Google, which jointly shares the Optometrist IP, declined to comment on what it uses the algorithm for. "Google is a data company," Binderbauer said. "So they're learning with this, we're learning with this, and we're each using it for our respective evolution in quite different markets. We continue building the tools, deploying it now in different veins. With Google specifically, we're working together on the exploitation of much more sophisticated mining of interconnected data channels."

Google is deeply involved in the project: TAE has its own in-house servers, but most of the post-processing work is done on GCP.

One of the benefits of the increased processing power the cloud brings is that TAE can use high-speed cameras that take more than 60,000 frames per second, "and now Google is actually helping the post-processing, taking these and turning the images into 3D resolved intensity data sets."

Binderbauer added: “Google now knows a lot more about plasma physics than you would think, and our guys know a lot more about machine learning. The wonderful thing about is that that has helped us find breakthroughs.”

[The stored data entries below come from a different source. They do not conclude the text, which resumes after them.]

lemma (in group) mat_sum_carrier_mult_right:
  assumes g: "g \<in> carrier G"
  shows "mat_sum n (\<lambda>a. f (a \<otimes> g)) (carrier G) = mat_sum n f (carrier G)"
proof -
  have "(\<Sum>a\<in>carrier G. f (a \<otimes> g) $$ ij) = (\<Sum>a\<in>carrier G. f a $$ ij)" for ij
    using sum_carrier_mult_right[OF g, of "\<lambda>a. f a $$ ij"] .
  then show ?thesis unfolding mat_sum_def by simp
qed

lemma (in group) inv_commutator_mult:
  assumes "a \<in> carrier G" "b \<in> carrier G" "g \<in> carrier G"
  shows "inv (commutator G a b) \<otimes> g = inv b \<otimes> inv a \<otimes> b \<otimes> (a \<otimes> g)"
  using assms unfolding commutator_def by (simp add: inv_mult_group m_assoc)

lemma (in group) commutator_closed [simp]:
  "a \<in> carrier G \<Longrightarrow> b \<in> carrier G \<Longrightarrow> commutator G a b \<in> carrier G"
  unfolding commutator_def by simp

locale irrep = group G for G (structure) +
  fixes n :: nat and \<rho> :: "'a \<Rightarrow> complex mat"
  assumes irreducible: "irreducible_rep G n \<rho>"
begin

lemma degree_pos: "0 < n"
  using irreducible unfolding irreducible_rep_def is_rep_def by simp

lemma rep_carrier [simp]: "g \<in> carrier G \<Longrightarrow> \<rho> g \<in> carrier_mat n n"
  using irreducible unfolding irreducible_rep_def is_rep_def by simp

lemma rep_one: "\<rho> \<one> = 1\<^sub>m n"
  using irreducible unfolding irreducible_rep_def is_rep_def by simp

lemma rep_mult: "g \<in> carrier G \<Longrightarrow> h \<in> carrier G \<Longrightarrow> \<rho> (g \<otimes> h) = \<rho> g * \<rho> h"
  using irreducible unfolding irreducible_rep_def is_rep_def by simp

lemma dim_rep [simp]: "g \<in> carrier G \<Longrightarrow> dim_row (\<rho> g) = n" "g \<in> carrier G \<Longrightarrow> dim_col (\<rho> g) = n"
  by (metis carrier_matD rep_carrier)+

lemmas mult_square_carrier_mat [simp] = mult_carrier_mat[of _ n n _ n]

lemma rep_mult_inv: "g \<in> carrier G \<Longrightarrow> \<rho> g * \<rho> (inv g) = 1\<^sub>m n"
  by (simp flip: rep_mult add: rep_one)

lemma mat_trace_conjugate:
  assumes "X \<in> carrier_mat n n" "a \<in> carrier G"
  shows "mat_trace (\<rho> (inv a) * X * \<rho> a) = mat_trace X"
proof -
  have "mat_trace (\<rho> (inv a) * X * \<rho> a) = mat_trace (\<rho> a * (\<rho> (inv a) * X))"
    by (rule mat_trace_mult_comm[of _ n n]) (use assms in auto)
  also have "\<rho> a * (\<rho> (inv a) * X) = X"
    using assms by (simp add: assoc_mult_mat[of _ n n _ n _ n, symmetric] rep_mult_inv)
  finally show ?thesis .
qed

lemma conjugation_average_commutes:
  assumes X: "X \<in> carrier_mat n n" and g: "g \<in> carrier G"
  shows "mat_sum n (\<lambda>a. \<rho> (inv a) * X * \<rho> a) (carrier G) * \<rho> g
    = \<rho> g * mat_sum n (\<lambda>a. \<rho> (inv a) * X * \<rho> a) (carrier G)"
proof -
  have "mat_sum n (\<lambda>a. \<rho> (inv a) * X * \<rho> a) (carrier G) * \<rho> g
      = mat_sum n (\<lambda>a. \<rho> (inv a) * X * \<rho> (a \<otimes> g)) (carrier G)"
    using X g by (subst mat_sum_mult_right)
      (auto simp: rep_mult assoc_mult_mat[of _ n n _ n _ n] intro!: mat_sum_cong)
  also have "\<dots> = mat_sum n (\<lambda>a. \<rho> g * (\<rho> (inv (a \<otimes> g)) * X * \<rho> (a \<otimes> g))) (carrier G)"
  proof (rule mat_sum_cong)
    fix a assume a: "a \<in> carrier G"
    have "\<rho> (inv a) = \<rho> g * \<rho> (inv (a \<otimes> g))"
      using a g by (simp add: inv_mult_group flip: rep_mult m_assoc)
    then have "\<rho> (inv a) * X * \<rho> (a \<otimes> g) = \<rho> g * \<rho> (inv (a \<otimes> g)) * X * \<rho> (a \<otimes> g)"
      by simp
    also have "\<dots> = \<rho> g * (\<rho> (inv (a \<otimes> g)) * X * \<rho> (a \<otimes> g))"
      using a g X by (simp add: assoc_mult_mat[of _ n n _ n _ n])
    finally show "\<rho> (inv a) * X * \<rho> (a \<otimes> g) = \<rho> g * (\<rho> (inv (a \<otimes> g)) * X * \<rho> (a \<otimes> g))" .
  qed
  also have "\<dots> = mat_sum n (\<lambda>a. \<rho> g * (\<rho> (inv a) * X * \<rho> a)) (carrier G)"
    using g by (rule mat_sum_carrier_mult_right)
  also have "\<dots> = \<rho> g * mat_sum n (\<lambda>a. \<rho> (inv a) * X * \<rho> a) (carrier G)"
    using X g by (simp add: mat_sum_mult_left)
  finally show ?thesis .
qed

lemma conjugation_average:
  assumes X: "X \<in> carrier_mat n n"
  shows "mat_sum n (\<lambda>a. \<rho> (inv a) * X * \<rho> a) (carrier G)
    = (of_nat (card (carrier G)) * mat_trace X / of_nat n) \<cdot>\<^sub>m 1\<^sub>m n"
proof -
  obtain c where c: "mat_sum n (\<lambda>a. \<rho> (inv a) * X * \<rho> a) (carrier G) = c \<cdot>\<^sub>m 1\<^sub>m n"
    using schur_lemma[OF irreducible mat_sum_carrier conjugation_average_commutes[OF X]] by blast
  have "of_nat n * c = mat_trace (mat_sum n (\<lambda>a. \<rho> (inv a) * X * \<rho> a) (carrier G))"
    by (simp add: c mat_trace_smult[OF one_carrier_mat] mat_trace_one_mat)
  also have "\<dots> = (\<Sum>a\<in>carrier G. mat_trace (\<rho> (inv a) * X * \<rho> a))"
    using X by (intro mat_trace_mat_sum) auto
  also have "\<dots> = of_nat (card (carrier G)) * mat_trace X"
    using X by (simp add: mat_trace_conjugate)
  finally have "c = of_nat (card (carrier G)) * mat_trace X / of_nat n"
    using degree_pos by (simp add: field_simps)
  with c show ?thesis by simp
qed

lemma entry_orthogonality:
  assumes "k < n" "l < n" "m < n" "p < n"
  shows "(\<Sum>a\<in>carrier G. \<rho> (inv a) $$ (k, l) * \<rho> a $$ (m, p))
    = (if l = m \<and> k = p then of_nat (card (carrier G)) / of_nat n else 0)"
proof -
  define E :: "complex mat" where "E = mat n n (\<lambda>(i, j). if i = l \<and> j = m then 1 else 0)"
  have E: "E \<in> carrier_mat n n" unfolding E_def by simp
  have "mat_trace E = (if l = m then 1 else 0)"
    unfolding mat_trace_def E_def using assms by (auto intro: sum.neutral)
  moreover have "(\<Sum>a\<in>carrier G. \<rho> (inv a) $$ (k, l) * \<rho> a $$ (m, p))
      = mat_sum n (\<lambda>a. \<rho> (inv a) * E * \<rho> a) (carrier G) $$ (k, p)"
  proof -
    have "\<rho> (inv a) $$ (k, l) * \<rho> a $$ (m, p) = (\<rho> (inv a) * E * \<rho> a) $$ (k, p)"
      if "a \<in> carrier G" for a
      unfolding E_def using that assms by (intro index_mult_single_entry_mult[symmetric]) auto
    then show ?thesis using assms by simp
  qed
  ultimately show ?thesis
    using assms by (simp add: conjugation_average[OF E])
qed

lemma character_weighted_sum:
  "mat_sum n (\<lambda>a. mat_trace (\<rho> (inv a)) \<cdot>\<^sub>m \<rho> a) (carrier G)
    = (of_nat (card (carrier G)) / of_nat n) \<cdot>\<^sub>m 1\<^sub>m n"
proof (rule eq_matI)
  fix m p assume "m < dim_row ((of_nat (card (carrier G)) / of_nat n) \<cdot>\<^sub>m 1\<^sub>m n)"
    and "p < dim_col ((of_nat (card (carrier G)) / of_nat n) \<cdot>\<^sub>m 1\<^sub>m n)"
  then have mp: "m < n" "p < n" by simp_all
  have "mat_sum n (\<lambda>a. mat_trace (\<rho> (inv a)) \<cdot>\<^sub>m \<rho> a) (carrier G) $$ (m, p)
      = (\<Sum>k<n. \<Sum>a\<in>carrier G. \<rho> (inv a) $$ (k, k) * \<rho> a $$ (m, p))"
    using mp by (simp add: mat_trace_def sum_distrib_right sum.swap[of _ "carrier G"])
  also have "\<dots> = (\<Sum>k<n. if k = m \<and> k = p then of_nat (card (carrier G)) / of_nat n else 0)"
    using mp by (intro sum.cong refl) (simp add: entry_orthogonality)
  also have "\<dots> = ((of_nat (card (carrier G)) / of_nat n) \<cdot>\<^sub>m 1\<^sub>m n) $$ (m, p)"
    using mp by (simp add: sum.delta)
  finally show "mat_sum n (\<lambda>a. mat_trace (\<rho> (inv a)) \<cdot>\<^sub>m \<rho> a) (carrier G) $$ (m, p)
      = ((of_nat (card (carrier G)) / of_nat n) \<cdot>\<^sub>m 1\<^sub>m n) $$ (m, p)" .
qed auto

lemma sum_trace_conjugate_mult:
  assumes Z: "Z \<in> carrier_mat n n" and W: "W \<in> carrier_mat n n"
  shows "(\<Sum>b\<in>carrier G. mat_trace (\<rho> (inv b) * Z * \<rho> b * W))
    = of_nat (card (carrier G)) / of_nat n * mat_trace Z * mat_trace W"
proof -
  have "(\<Sum>b\<in>carrier G. mat_trace (\<rho> (inv b) * Z * \<rho> b * W))
      = mat_trace (mat_sum n (\<lambda>b. \<rho> (inv b) * Z * \<rho> b) (carrier G) * W)"
    using Z W by (simp add: mat_sum_mult_right mat_trace_mat_sum)
  then show ?thesis
    using Z W by (simp add: conjugation_average mult_smult_assoc_mat[OF one_carrier_mat W]
        mat_trace_smult[OF W])
qed

lemma sum_character_mult_trace:
  assumes Y: "Y \<in> carrier_mat n n"
  shows "(\<Sum>a\<in>carrier G. mat_trace (\<rho> (inv a)) * mat_trace (\<rho> a * Y))
    = of_nat (card (carrier G)) / of_nat n * mat_trace Y"
proof -
  have "(\<Sum>a\<in>carrier G. mat_trace (\<rho> (inv a)) * mat_trace (\<rho> a * Y))
      = mat_trace (mat_sum n (\<lambda>a. mat_trace (\<rho> (inv a)) \<cdot>\<^sub>m \<rho> a) (carrier G) * Y)"
    using Y by (simp add: mat_sum_mult_right mat_trace_mat_sum mult_smult_assoc_mat[of _ n n]
        mat_trace_smult[of _ n])
  then show ?thesis
    using Y by (simp add: character_weighted_sum mult_smult_assoc_mat[OF one_carrier_mat Y]
        mat_trace_smult[OF Y])
qed

lemma commutator_trace_sum:
  assumes g: "g \<in> carrier G"
  shows "(\<Sum>a\<in>carrier G. \<Sum>b\<in>carrier G. mat_trace (\<rho> (inv (commutator G a b) \<otimes> g)))
    = (of_nat (card (carrier G)) / of_nat n)^2 * mat_trace (\<rho> g)"
proof -
  have "(\<Sum>a\<in>carrier G. \<Sum>b\<in>carrier G. mat_trace (\<rho> (inv (commutator G a b) \<otimes> g)))
      = (\<Sum>a\<in>carrier G. \<Sum>b\<in>carrier G. mat_trace (\<rho> (inv b) * \<rho> (inv a) * \<rho> b * (\<rho> a * \<rho> g)))"
    using g by (intro sum.cong refl) (simp add: inv_commutator_mult rep_mult)
  also have "\<dots> = (\<Sum>a\<in>carrier G. of_nat (card (carrier G)) / of_nat n
      * (mat_trace (\<rho> (inv a)) * mat_trace (\<rho> a * \<rho> g)))"
    using g by (intro sum.cong refl) (simp add: sum_trace_conjugate_mult)
  also have "\<dots> = of_nat (card (carrier G)) / of_nat n
      * (\<Sum>a\<in>carrier G. mat_trace (\<rho> (inv a)) * mat_trace (\<rho> a * \<rho> g))"
    by (simp add: sum_distrib_left)
  also have "\<dots> = (of_nat (card (carrier G)) / of_nat n)^2 * mat_trace (\<rho> g)"
    using g by (simp add: sum_character_mult_trace power2_eq_square)
  finally show ?thesis .
qed

end

lemma IrrE:
  assumes "group G" and "\<chi> \<in> Irr G"
  obtains n \<rho> where "irrep G n \<rho>"
    and "\<chi> = (\<lambda>g. if g \<in> carrier G then mat_trace (\<rho> g) else 0)"
  using assms unfolding Irr_def irrep_def irrep_axioms_def by blast

lemma Irr_one_eq_of_nat_pos:
  fixes G (structure)
  assumes "group G" and "\<chi> \<in> Irr G"
  shows "\<exists>n>0. \<chi> \<one> = of_nat n"
proof -
  obtain n \<rho> where "irrep G n \<rho>" and \<chi>: "\<chi> = (\<lambda>g. if g \<in> carrier G then mat_trace (\<rho> g) else 0)"
    using assms by (rule IrrE)
  then interpret irrep G n \<rho> by simp
  show ?thesis using \<chi> degree_pos by (simp add: rep_one mat_trace_one_mat)
qed

lemma Irr_commutator_sum:
  fixes G (structure)
  assumes "group G" and "\<chi> \<in> Irr G" and g: "g \<in> carrier G"
  shows "(\<Sum>a\<in>carrier G. \<Sum>b\<in>carrier G. \<chi> (inv (commutator G a b) \<otimes> g))
    = of_nat (card (carrier G))^2 / (\<chi> \<one>)^2 * \<chi> g"
proof -
  obtain n \<rho> where "irrep G n \<rho>" and \<chi>: "\<chi> = (\<lambda>g. if g \<in> carrier G then mat_trace (\<rho> g) else 0)"
    using assms(1,2) by (rule IrrE)
  then interpret irrep G n \<rho> by simp
  have "(\<Sum>a\<in>carrier G. \<Sum>b\<in>carrier G. \<chi> (inv (commutator G a b) \<otimes> g))
      = (\<Sum>a\<in>carrier G. \<Sum>b\<in>carrier G. mat_trace (\<rho> (inv (commutator G a b) \<otimes> g)))"
    using g by (simp add: \<chi>)
  also have "\<dots> = (of_nat (card (carrier G)) / of_nat n)^2 * mat_trace (\<rho> g)"
    using g by (rule commutator_trace_sum)
  finally show ?thesis
    using g by (simp add: \<chi> rep_one mat_trace_one_mat power_divide)
qed

lemma exp_xi_virtual_character:
  fixes G (structure) and a :: "nat \<Rightarrow> real"
  assumes "group G" and "finite (carrier G)" and irr: "\<And>i. i < q \<Longrightarrow> \<chi> i \<in> Irr G"
    and \<phi>: "\<And>h. h \<in> carrier G \<Longrightarrow> \<phi> h = (\<Sum>i<q. complex_of_real (a i) * \<chi> i h)"
    and real_valued: "\<And>h. h \<in> carrier G \<Longrightarrow> \<phi> h \<in> \<real>"
    and g: "g \<in> carrier G"
  shows "complex_of_real (exp_xi G \<phi> g) = (\<Sum>i<q. complex_of_real (a i) / (\<chi> i \<one>)^2 * \<chi> i g)"
proof -
  interpret group G by fact
  have "card (carrier G) > 0"
    using \<open>finite (carrier G)\<close> by (auto simp: card_gt_0_iff)
  have "complex_of_real (exp_xi G \<phi> g)
      = (\<Sum>x\<in>carrier G. \<Sum>y\<in>carrier G. \<phi> (inv (commutator G x y) \<otimes> g)) / of_nat (card (carrier G))^2"
    using g real_valued by (simp add: exp_xi_def)
  also have "\<dots> = (\<Sum>i<q. complex_of_real (a i)
      * (\<Sum>x\<in>carrier G. \<Sum>y\<in>carrier G. \<chi> i (inv (commutator G x y) \<otimes> g))) / of_nat (card (carrier G))^2"
    using g by (simp add: \<phi> sum_distrib_left sum.swap[of _ "{..<q}"])
  also have "\<dots> = (\<Sum>i<q. complex_of_real (a i) / (\<chi> i \<one>)^2 * \<chi> i g)"
    using \<open>card (carrier G) > 0\<close> g irr
    by (simp add: Irr_commutator_sum[OF \<open>group G\<close>] sum_divide_distrib)
  finally show ?thesis .
qed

More tech developers should do this, he says: “Get a few people from a neighboring discipline, or maybe not so adjacent discipline, and throw them in the cauldron, mix them up, because that brings out a healthy new perspectives on things.”

With new insights and tools, TAE hopes its partnership and algorithm will shorten the time to achieve fusion power. But, even if that fails to happen, the company hopes that Optometrist itself will have a large impact. “I wouldn't be surprised if at this point, some of this found critical use in completely areas that we couldn't even dream of,” Binderbauer said.

“Sometimes when you have powerful tools like this that treat a class of problem that otherwise doesn't have a good tool, it becomes a really nice advance for humanity in and of itself.”